Thoracoabdominal Aortic Aneurysms

Hazim J. Safi, Anthony L. Estrera, Charles C. Miller III, Kristofer M. Charlton-Ouw, Dianna Milewicz, and

Ali Azizzadeh

Key Points

1 Remarkable progress has been made in the surgical treatment of thoracoabdominal aortic aneurysms.

2 The decline in mortality and complication rates can be attributed to improvements in surgical

technique and perioperative care, particularly the adoption of adjunct distal aortic perfusion and

cerebrospinal fluid drainage.

3 Neurologic deficit is no longer a major threat to patients, as the use of adjuncts has lowered the

incidence for all thoracoabdominal aortic aneurysms to less than 2%.

4 Research that focuses on improving organ preservation, particularly for the most troublesome extent

II thoracoabdominal aortic aneurysms, must be continued.
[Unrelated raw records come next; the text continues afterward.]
text \<open>Read modulo \<open>r\<close>: in \<open>(\<int>/r\<int>)[X]\<close> no non-zero constant is a multiple of a monic
  non-constant polynomial.\<close>

lemma dvd_const_if_monic_multiple_mod:
  fixes f C D :: "int poly"
  assumes f: "lead_coeff f = 1" "degree f \<ge> 1"
    and eq: "[:c:] = f * C + smult r D"
  shows "r dvd c"
proof -
  define d where "d = degree f"
  have coeff_C: "r dvd coeff C j" for j
  proof (rule ccontr)
    assume "\<not> r dvd coeff C j"
    define J where "J = {i. \<not> r dvd coeff C i}"
    have "J \<subseteq> {..degree C}" by (auto simp: J_def intro!: le_degree)
    then have "finite J" by (rule finite_subset) simp
    moreover have "j \<in> J" using \<open>\<not> r dvd coeff C j\<close> by (simp add: J_def)
    ultimately have "Max J \<in> J" by (intro Max_in) auto
    have above_Max: "r dvd coeff C i" if "i > Max J" for i
    proof (rule ccontr)
      assume "\<not> r dvd coeff C i"
      then have "i \<le> Max J" using \<open>finite J\<close> by (simp add: J_def)
      then show False using that by simp
    qed
    define m where "m = Max J"
    let ?S = "\<Sum>i\<in>{..d + m} - {d}. coeff f i * coeff C (d + m - i)"
    have "coeff [:c:] (d + m) = 0" using f(2) by (simp add: d_def coeff_eq_0)
    then have "coeff (f * C) (d + m) = - r * coeff D (d + m)"
      using arg_cong[OF eq, of "\<lambda>H. coeff H (d + m)"] by simp
    moreover have "coeff (f * C) (d + m) = coeff C m + ?S"
      using f(1) by (simp add: coeff_mult sum.remove[of _ d] d_def)
    ultimately have "coeff C m = - r * coeff D (d + m) - ?S" by linarith
    moreover have "r dvd ?S"
    proof (intro dvd_sum)
      fix i assume "i \<in> {..d + m} - {d}"
      then consider "i < d" | "i > d" by fastforce
      then show "r dvd coeff f i * coeff C (d + m - i)"
        by cases (simp_all add: above_Max m_def d_def coeff_eq_0)
    qed
    ultimately have "r dvd coeff C m" by (simp add: dvd_diff)
    then show False using \<open>Max J \<in> J\<close> by (simp add: m_def J_def)
  qed
  have "c = coeff f 0 * coeff C 0 + r * coeff D 0"
    using arg_cong[OF eq, of "\<lambda>H. coeff H 0"] by (simp add: coeff_mult)
  then show ?thesis using coeff_C[of 0] by simp
qed

text \<open>Dedekind's argument: if \<open>f(w\<^sup>r) \<noteq> 0\<close>, then \<open>f\<close> divides \<open>g(X\<^sup>r) \<equiv> g\<^sup>r (mod r)\<close> for the
  cofactor \<open>g\<close> of \<open>f\<close> in \<open>X\<^sup>n - 1\<close>, and the Bezout identity \<open>f A + g B = n\<close> forces \<open>r dvd n\<close>.\<close>

lemma min_int_poly_root_power_prime:
  fixes w :: "'a::{idom, ring_char_0}"
  assumes f: "is_min_int_poly w f" and wn: "w ^ n = 1" "n > 0"
    and r: "prime r" "\<not> r dvd n"
  shows "ipoly f (w ^ r) = 0"
proof (rule ccontr)
  assume fr: "ipoly f (w ^ r) \<noteq> 0"
  define Xn where "Xn = (monom 1 n - 1 :: int poly)"
  have Xn_roots: "ipoly Xn (w ^ k) = 0" for k
    using wn by (simp add: Xn_def) (metis mult.commute power_mult power_one)
  obtain g where g: "Xn = f * g" using f Xn_roots[of 1] by (auto simp: is_min_int_poly_def)
  have "ipoly g (w ^ r) = 0" using fr Xn_roots[of r] by (simp add: g)
  then have "f dvd pcompose g (monom 1 r)"
    using f by (simp add: is_min_int_poly_def ipoly_pcompose)
  then obtain k where k: "pcompose g (monom 1 r) = f * k" by (elim dvdE)
  obtain E where E: "g ^ r = pcompose g (monom 1 r) + smult (int r) E"
    using int_poly_power_prime[OF r(1)] .
  define A where "A = monom 1 1 * pderiv g - smult (int n) g"
  define B where "B = monom 1 1 * pderiv f"
  have "f * A + g * B = monom 1 1 * pderiv Xn - smult (int n) Xn"
    by (simp add: A_def B_def g pderiv_mult algebra_simps)
  also have "\<dots> = [:int n:]"
    using wn(2) by (cases n) (simp_all add: Xn_def pderiv_diff pderiv_monom mult_monom smult_diff_right smult_monom)
  finally have bezout: "f * A + g * B = [:int n:]" .
  define S where "S = (\<Sum>i<r. (g * B) ^ (r - Suc i) * (f * A + g * B) ^ i)"
  have "(f * A + g * B) ^ r - (g * B) ^ r = f * A * S"
    unfolding S_def by (subst power_diff_sumr2) simp
  then have "[:int n:] ^ r = f * (A * S) + B ^ r * g ^ r"
    unfolding bezout[symmetric] by (simp add: algebra_simps power_mult_distrib)
  also have "\<dots> = f * (A * S + B ^ r * k) + smult (int r) (B ^ r * E)"
    by (simp add: E k algebra_simps)
  finally have "[:int n ^ r:] = f * (A * S + B ^ r * k) + smult (int r) (B ^ r * E)"
    by (simp add: poly_const_pow)
  moreover have "degree f \<ge> 1"
  proof (rule ccontr)
    assume "\<not> degree f \<ge> 1"
    then have "degree f = 0" by simp
    then have "f = [:1:]" using f degree_0_id[of f] by (simp add: is_min_int_poly_def)
    then show False using f by (simp add: is_min_int_poly_def)
  qed
  ultimately have "int r dvd int n ^ r"
    using f by (intro dvd_const_if_monic_multiple_mod) (auto simp: is_min_int_poly_def)
  then have "r dvd n" using r(1) by (metis of_nat_dvd_iff of_nat_power prime_dvd_power)
  then show False using r(2) by contradiction
qed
1 Etheredge reported the first successful repair of a thoracoabdominal aortic aneurysm (TAAA) using a

homograft tube in 1955.1 A year later, DeBakey used a Dacron tube graft to replace the descending

thoracic aorta and infrarenal abdominal aorta.2 Subsequently, Crawford introduced what became known

as the clamp-and-go technique, encompassing three basic principles of aortic surgery: the inclusion

technique; use of a Dacron tube graft conduit; and reimplantation of visceral and renal arteries.3

Initially, the operation to repair TAAA had to be performed with haste in order to avoid extended

periods of organ ischemia. TAAA surgery has since been transformed with the use of adjuncts that

provide better organ protection and improved overall outcomes. However, sudden fatal rupture of a

TAAA remains a looming and unpredictable threat. Although emergency repair of ruptured TAAA can

save lives, the associated morbidity and mortality remain extremely high. Elective surgical repair of

TAAA is the only effective treatment for eradicating the risk of aneurysm rupture and improving patient

survival (Fig. 95-1). This chapter provides a comprehensive approach to the diagnosis and management

of TAAA as well as insight into the recent surgical results and advances in organ protection.

EPIDEMIOLOGY

Aortic aneurysm disease remains a significant cause of death in the United States. Improved imaging

techniques, increasing mean age of the population, and overall heightened awareness all contribute to

an apparent increase in the prevalence of aortic aneurysms. However, the incidence of TAAA from

population studies of the thoracic or abdominal aortic aneurysms can only be inferred. Infrarenal

abdominal aortic aneurysms occur three to seven times more frequently than thoracic aortic aneurysms.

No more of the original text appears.